Para los de chicos muertos hablamos de finales. Empezamos por los de Salinger en “Un día perfecto para el pez banana”, “El hombre que ríe” y, sobre todo, “Teddy”, en el que efectivamente muere un niño. Después seguimos con Carver y nos metimos en los finales de “Gordo” y “Catedral”, de tinte existencialista. Hablamos también del paso de la obra del autor a largometraje de la mano de Robert Alman, en 1993. “Short cuts”. La edición de Anagrama de esos cuentos originales –cuando digo originales digo los no retocados y recortados por su editor- trae una versión del cuento del panadero titulada “Parece una tontería”, que es demasiado diferente a “El baño”, la que habíamos leído originalmente en “De qué hablamos cuando hablamos de amor”. Otro buen ejercicio para hacer en esta Clínica podría ser la lectura de esas dos versiones para contrastarlas y aprender un poco del maestro Raymond. La edición de la película, titulada en español “Vidas cruzadas”, trae un prólogo de Altman que es imperdible, donde habla de personajes, acciones, cortes. Cito un fragmento:

“Los personajes narran muchas cosas a lo largo de la película, cuentan pequeñas historias acerca de sus vidas. Muchas de ellas son de Carver, o paráfrasis de las de Carver, o están inspiradas en ellas, pues siempre procuramos ser lo más fieles posible a su mundo, teniendo en cuenta el imperativo de colaboración de la película.

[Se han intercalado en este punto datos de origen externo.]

lemma prob_integral_ge_le_of_grid_exp_moment:
  fixes h :: "'a \<Rightarrow> real"
  assumes "0 < t" "1 \<le> n" "0 < \<mu>"
    and grid: "\<And>s. 0 \<le> s \<Longrightarrow> expectation (\<lambda>\<omega>. exp (\<mu> * (\<Sum>j<n. h (X (s + real j * (t / n)) \<omega>)))) \<le> B"
  shows "prob {\<omega>\<in>space M. c \<le> integral {0..t} (\<lambda>s. h (X s \<omega>))} \<le> exp (- (\<mu> * n / t) * c) * B"
proof -
  define N :: "nat \<Rightarrow> nat" where "N K = n * (K + 1)" for K
  define R :: "nat \<Rightarrow> 'w \<Rightarrow> real"
    where "R K \<omega> = (\<Sum>i<N K. t / N K * h (X (t / N K * (real i + 1)) \<omega>))" for K \<omega>
  have N_pos: "0 < N K" for K
    using \<open>1 \<le> n\<close> by (simp add: N_def)
  have "R K \<in> borel_measurable M" for K
    unfolding R_def using \<open>0 < t\<close>
    by (auto intro!: borel_measurable_sum borel_measurable_times borel_measurable_comp_X)
  moreover have "R K \<omega> \<le> t * sup_norm h" for K \<omega>
    unfolding R_def using \<open>0 < t\<close> N_pos abs_le_sup_norm[of h]
    by (intro right_riemann_sum_le) (auto simp: abs_le_iff)
  moreover have "expectation (\<lambda>\<omega>. exp (\<mu> * n / t * R K \<omega>)) \<le> B" for K
    unfolding R_def N_def using expectation_exp_right_riemann_sum_le[OF assms] .
  moreover have "(\<lambda>K. R K \<omega>) \<longlonglongrightarrow> integral {0..t} (\<lambda>s. h (X s \<omega>))" if "\<omega> \<in> space M" for \<omega>
    unfolding R_def
  proof (rule right_riemann_sum_tendsto[OF \<open>0 < t\<close> _ abs_le_sup_norm])
    show "\<exists>\<epsilon>>0. \<forall>u. s \<le> u \<and> u < s + \<epsilon> \<longrightarrow> h (X u \<omega>) = h (X s \<omega>)" if "0 \<le> s" for s
      using right_continuous_path[OF \<open>\<omega> \<in> space M\<close> that] by metis
    have "K \<le> N K" for K
      using mult_le_mono1[of 1 n "K + 1"] \<open>1 \<le> n\<close> by (simp add: N_def)
    then show "filterlim N at_top sequentially"
      unfolding filterlim_at_top by (metis eventually_ge_at_top eventually_mono order_trans)
  qed (rule N_pos)
  ultimately show ?thesis
    using assms by (intro prob_ge_le_of_exp_moment_tendsto[where Z = R]) auto
qed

Por su parte, los actores se percataron también de que los detalles de los que hablan esas gentes de Carver no son lo principal. Los elementos parecían flexibles. Podían estar hablando de cualquier cosa. Sin embargo, ello no significa que el lenguaje no fuera importante, sino más bien que el tema no tenía por qué ser X, Y o Z: podía ser Q, P o H.

La cuestión que determina cómo responde la gente a lo que se está diciendo es quién es. No es lo que están diciendo lo que provoca que la escena tenga lugar, sino el hecho de que esos personajes estén interpretando la escena en cuestión. De modo que, estén hablando de cómo preparar un emparedado de mantequilla de maní o de cómo asesinar a un vecino, el contenido no es tan importante como lo que sienten y hacen los personajes dentro de esa situación, el cómo se van desarrollando.”

Es pertinente, para una jornada en la que estudiamos el tema del pasaje de un texto literario a otro estado artístico, ya sea teatro o cine, dejar hablar un poco a un capo como Robert Alman. Aunque nos vayamos temporalmente del mundo de la literatura.